Exercise objective
Lines from the listing that hold the string "auto" are what you should return.

Records shown
(* Let $X,Y$ be real Hilbert spaces, let $K\subset X$ be a nonempty closed convex cone, and let $j:Y\times K\to\mathbb{R}$ be such that for every $\eta\in Y$ the function $j(\eta,\cdot):K\to\mathbb{R}$ is convex, positively homogeneous and Lipschitz continuous. Let $I$ be either $[0,T]$ ($T>0$) or $[0,+\infty)$, let $f:I\to X$, $\eta\in Y$, $u,z\in X$ and $t\in I$. Then $$u\in K\ \text{ and }\ j(\eta,v)-j(\eta,u)\ge (f(t)-z,v-u)_X\ \ \forall v\in K \quad\Longleftrightarrow\quad -u\in \mathrm{N}_{C(\eta,t)}(z).$$
   Context: Define $J:Y\times X\to(-\infty,+\infty]$ by $J(\eta,v)=j(\eta,v)$ if $v\in K$ and $J(\eta,v)=+\infty$ otherwise; $C(\eta)=\{\xi\in X: J(\eta,v)\ge(\xi,v)_X\ \forall v\in X\}$ and $C(\eta,t)=f(t)-C(\eta)$. For a nonempty closed convex set $D\subset X$, $\mathrm{N}_D(x)=\{\xi\in X:(\xi,w-x)_X\le 0\ \forall w\in D\}$ if $x\in D$, and $\mathrm{N}_D(x)=\emptyset$ if $x\notin D$. *)

theory Defs
  imports "HOL-Analysis.Analysis" "HOL-Library.Extended_Real"
begin

definition Jfun :: "('y \<Rightarrow> 'x \<Rightarrow> real) \<Rightarrow> 'x set \<Rightarrow> 'y \<Rightarrow> 'x \<Rightarrow> ereal" where
  "Jfun j K \<eta> v = (if v \<in> K then ereal (j \<eta> v) else \<infinity>)"

definition Cset :: "('y \<Rightarrow> 'x::real_inner \<Rightarrow> real) \<Rightarrow> 'x set \<Rightarrow> 'y \<Rightarrow> 'x set" where
  "Cset j K \<eta> = {\<xi>. \<forall>v. Jfun j K \<eta> v \<ge> ereal (inner \<xi> v)}"

definition Ct :: "('y \<Rightarrow> 'x::real_inner \<Rightarrow> real) \<Rightarrow> 'x set \<Rightarrow> (real \<Rightarrow> 'x) \<Rightarrow> 'y \<Rightarrow> real \<Rightarrow> 'x set" where
  "Ct j K f \<eta> t = {f t - \<xi> | \<xi>. \<xi> \<in> Cset j K \<eta>}"

definition normal_cone :: "'x::real_inner set \<Rightarrow> 'x \<Rightarrow> 'x set" where
  "normal_cone D x = (if x \<in> D then {\<xi>. \<forall>w\<in>D. inner \<xi> (w - x) \<le> 0} else {})"

end

theory Submission
  imports Defs
begin

text \<open>Write \<open>g = j \<eta>\<close>, \<open>w = f t - z\<close> and \<open>M = C(\<eta>)\<close>, the set of linear minorants of \<open>g\<close>
on \<open>K\<close>. Then \<open>-u \<in> N_{C(\<eta>,t)}(z)\<close> says that \<open>w \<in> M\<close> maximises \<open>\<xi> \<mapsto> (u, \<xi>)\<close> on \<open>M\<close>.
Testing the variational inequality with \<open>v = 0\<close> and \<open>v = 2u\<close> shows, by positive homogeneity,
that it amounts to \<open>u \<in> K\<close>, \<open>w \<in> M\<close> and \<open>g u = (w, u)\<close>. Maximality of \<open>w\<close> forces \<open>u \<in> K\<close>,
since otherwise an element \<open>a\<close> of the dual cone separating \<open>u\<close> from \<open>K\<close> makes \<open>w - a\<close> a better
candidate; and it forces \<open>g u = (w, u)\<close>, since \<open>g\<close> is the supremum of its linear minorants,
as one sees by separating \<open>(u, r)\<close>, \<open>r < g u\<close>, from the closed convex epigraph of \<open>g\<close>. In a
Hilbert space both separations come from nearest points, which exist by the parallelogram law.
Lipschitz continuity is only needed to make the epigraph closed.\<close>

lemma parallelogram_law:
  fixes a b :: "'a::real_inner"
  shows "(norm (a + b))\<^sup>2 + (norm (a - b))\<^sup>2 = 2 * (norm a)\<^sup>2 + 2 * (norm b)\<^sup>2"
  by (simp add: power2_norm_eq_inner inner_add_left inner_add_right
      inner_diff_left inner_diff_right inner_commute)

lemma convex_dist_sq_le_infdist:
  fixes S :: "'a::real_inner set"
  assumes "convex S" "a \<in> S" "b \<in> S"
  shows "(dist a b)\<^sup>2 \<le> 2 * (dist x a)\<^sup>2 + 2 * (dist x b)\<^sup>2 - 4 * (infdist x S)\<^sup>2"
proof -
  define m where "m = (1/2) *\<^sub>R a + (1/2) *\<^sub>R b"
  have "m \<in> S"
    using convexD[OF assms, of "1/2" "1/2"] by (simp add: m_def)
  then have "(infdist x S)\<^sup>2 \<le> (dist x m)\<^sup>2"
    by (simp add: infdist_le infdist_nonneg power_mono)
  moreover have "(x - a) + (x - b) = 2 *\<^sub>R (x - m)" and "(x - a) - (x - b) = b - a"
    by (simp_all add: m_def algebra_simps scaleR_2)
  then have "(norm (b - a))\<^sup>2 = 2 * (dist x a)\<^sup>2 + 2 * (dist x b)\<^sup>2 - 4 * (dist x m)\<^sup>2"
    using parallelogram_law[of "x - a" "x - b"]
    by (simp add: dist_norm power_mult_distrib)
  ultimately show ?thesis
    by (simp add: dist_norm norm_minus_commute)
qed

lemma infdist_approx_sequence:
  assumes "A \<noteq> {}"
  obtains y where "\<And>n. y n \<in> A" "(\<lambda>n. dist x (y n)) \<longlonglongrightarrow> infdist x A"
proof -
  have "\<exists>a\<in>A. dist x a < infdist x A + 1 / Suc n" for n
    using cINF_less_iff[OF assms bdd_below_image_dist, of x "infdist x A + 1 / Suc n"]
    by (simp add: infdist_notempty[OF assms])
  then obtain y where y: "\<And>n. y n \<in> A" "\<And>n. dist x (y n) < infdist x A + 1 / Suc n"
    by metis
  have upper: "(\<lambda>n. infdist x A + 1 / Suc n) \<longlonglongrightarrow> infdist x A"
    using tendsto_add[OF tendsto_const LIMSEQ_Suc[OF lim_const_over_n]] by simp
  have "(\<lambda>n. dist x (y n)) \<longlonglongrightarrow> infdist x A"
  proof (rule real_tendsto_sandwich[OF _ _ tendsto_const upper])
    show "\<forall>\<^sub>F n in sequentially. infdist x A \<le> dist x (y n)"
      by (intro always_eventually allI infdist_le y(1))
    show "\<forall>\<^sub>F n in sequentially. dist x (y n) \<le> infdist x A + 1 / Suc n"
      by (intro always_eventually allI less_imp_le y(2))
  qed
  with y(1) show ?thesis by (rule that)
qed

lemma convex_distance_attains_inf:
  fixes S :: "'a::{real_inner, complete_space} set"
  assumes "closed S" "convex S" "S \<noteq> {}"
  obtains p where "p \<in> S" "\<And>w. w \<in> S \<Longrightarrow> dist x p \<le> dist x w"
proof -
  define d where "d = infdist x S"
  obtain y where yS: "\<And>n. y n \<in> S" and yd: "(\<lambda>n. dist x (y n)) \<longlonglongrightarrow> d"
    using infdist_approx_sequence[OF assms(3)] unfolding d_def by metis
  define e where "e = (\<lambda>n. (dist x (y n))\<^sup>2 - d\<^sup>2)"
  have e0: "e \<longlonglongrightarrow> 0"
    unfolding e_def using tendsto_diff[OF tendsto_power[OF yd, of 2] tendsto_const[of "d\<^sup>2"]]
    by simp
  have "Cauchy y"
  proof (rule metric_CauchyI)
    fix \<epsilon> :: real assume "\<epsilon> > 0"
    then have "\<forall>\<^sub>F n in sequentially. e n < \<epsilon>\<^sup>2 / 4"
      using order_tendstoD(2)[OF e0, of "\<epsilon>\<^sup>2 / 4"] by simp
    then obtain N where N: "\<And>n. n \<ge> N \<Longrightarrow> e n < \<epsilon>\<^sup>2 / 4"
      by (auto simp: eventually_sequentially)
    have "dist (y m) (y n) < \<epsilon>" if "m \<ge> N" "n \<ge> N" for m n
    proof -
      have "(dist (y m) (y n))\<^sup>2 \<le> 2 * e m + 2 * e n"
        using convex_dist_sq_le_infdist[OF assms(2) yS yS, of m n x] by (simp add: e_def d_def)
      also have "\<dots> < \<epsilon>\<^sup>2"
        using N[OF that(1)] N[OF that(2)] by simp
      finally show ?thesis
        using \<open>\<epsilon> > 0\<close> by (simp add: power_less_imp_less_base)
    qed
    then show "\<exists>M. \<forall>m\<ge>M. \<forall>n\<ge>M. dist (y m) (y n) < \<epsilon>" by blast
  qed
  then obtain p where yp: "y \<longlonglongrightarrow> p"
    using Cauchy_convergent_iff convergent_def by blast
  have "dist x p = d"
    using tendsto_unique[OF _ tendsto_dist[OF tendsto_const yp] yd] by simp
  then show ?thesis
    using that closed_sequentially[OF assms(1) yS yp] infdist_le unfolding d_def by metis
qed

lemma separating_hyperplane_closed_point_complete:
  fixes z :: "'a::{real_inner, complete_space}"
  assumes "convex S" "closed S" "z \<notin> S"
  shows "\<exists>a b. inner a z < b \<and> (\<forall>x\<in>S. inner a x > b)"
proof (cases "S = {}")
  case False
  obtain y where "y \<in> S" and y: "\<And>x. x \<in> S \<Longrightarrow> dist z y \<le> dist z x"
    using convex_distance_attains_inf[OF assms(2,1) False] by metis
  define a where "a = y - z"
  have closest: "inner a y \<le> inner a x" if "x \<in> S" for x
  proof (rule ccontr)
    assume "\<not> ?thesis"
    then have "inner (z - y) (x - y) > 0"
      by (simp add: a_def inner_diff_left inner_diff_right algebra_simps)
    then obtain u where "u > 0" "u \<le> 1" "dist (y + u *\<^sub>R (x - y)) z < dist y z"
      using closer_point_lemma by blast
    then show False
      using y[of "y + u *\<^sub>R (x - y)"] convexD_alt[OF assms(1) \<open>y \<in> S\<close> \<open>x \<in> S\<close>]
      by (auto simp: dist_commute algebra_simps)
  qed
  have y_eq: "inner a y = inner a z + inner a a"
    by (simp add: a_def inner_diff_right)
  have a_pos: "inner a a > 0"
    using \<open>y \<in> S\<close> assms(3) by (auto simp: a_def)
  show ?thesis
  proof (intro exI[of _ a] exI[of _ "inner a z + inner a a / 2"] conjI ballI)
    show "inner a z < inner a z + inner a a / 2"
      using a_pos by simp
    show "inner a z + inner a a / 2 < inner a x" if "x \<in> S" for x
      using closest[OF that] y_eq a_pos by linarith
  qed
qed (simp add: gt_ex)

lemma cone_pos_homogeneous_nonneg:
  fixes F :: "'a::real_vector \<Rightarrow> real"
  assumes "cone K" "v \<in> K"
    and bounded: "\<And>w. w \<in> K \<Longrightarrow> m \<le> F w"
    and homogeneous: "\<And>c. c > 0 \<Longrightarrow> F (c *\<^sub>R v) = c * F v"
  shows "F v \<ge> 0"
proof (rule ccontr)
  assume "\<not> F v \<ge> 0"
  then have neg: "F v < 0" by simp
  define c where "c = (\<bar>m\<bar> + 1) / - F v"
  have "c > 0" using neg by (simp add: c_def divide_pos_neg)
  then have "m \<le> F (c *\<^sub>R v)"
    using bounded mem_cone[OF assms(1,2)] by simp
  also have "\<dots> = - (\<bar>m\<bar> + 1)"
    using homogeneous[OF \<open>c > 0\<close>] neg by (simp add: c_def)
  finally show False by linarith
qed

lemma closed_convex_cone_dual_separation:
  fixes K :: "'a::{real_inner, complete_space} set"
  assumes "closed K" "convex K" "cone K" "K \<noteq> {}" "u \<notin> K"
  obtains a where "\<And>v. v \<in> K \<Longrightarrow> inner a v \<ge> 0" "inner a u < 0"
proof -
  obtain a b where ab: "inner a u < b" "\<And>v. v \<in> K \<Longrightarrow> b < inner a v"
    using separating_hyperplane_closed_point_complete[OF assms(2,1,5)] by blast
  have "inner a v \<ge> 0" if "v \<in> K" for v
    using cone_pos_homogeneous_nonneg[OF assms(3) that, of b "inner a"] ab(2)
    by (simp add: less_imp_le)
  moreover have "b < 0"
    using ab(2) cone_contains_0[OF assms(3)] assms(4) by force
  ultimately show ?thesis
    using that[of a] ab(1) by fastforce
qed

Response for this exercise
      by (auto simp: eventually_sequentially)
      by (auto simp: dist_commute algebra_simps)
    using \<open>y \<in> S\<close> assms(3) by (auto simp: a_def)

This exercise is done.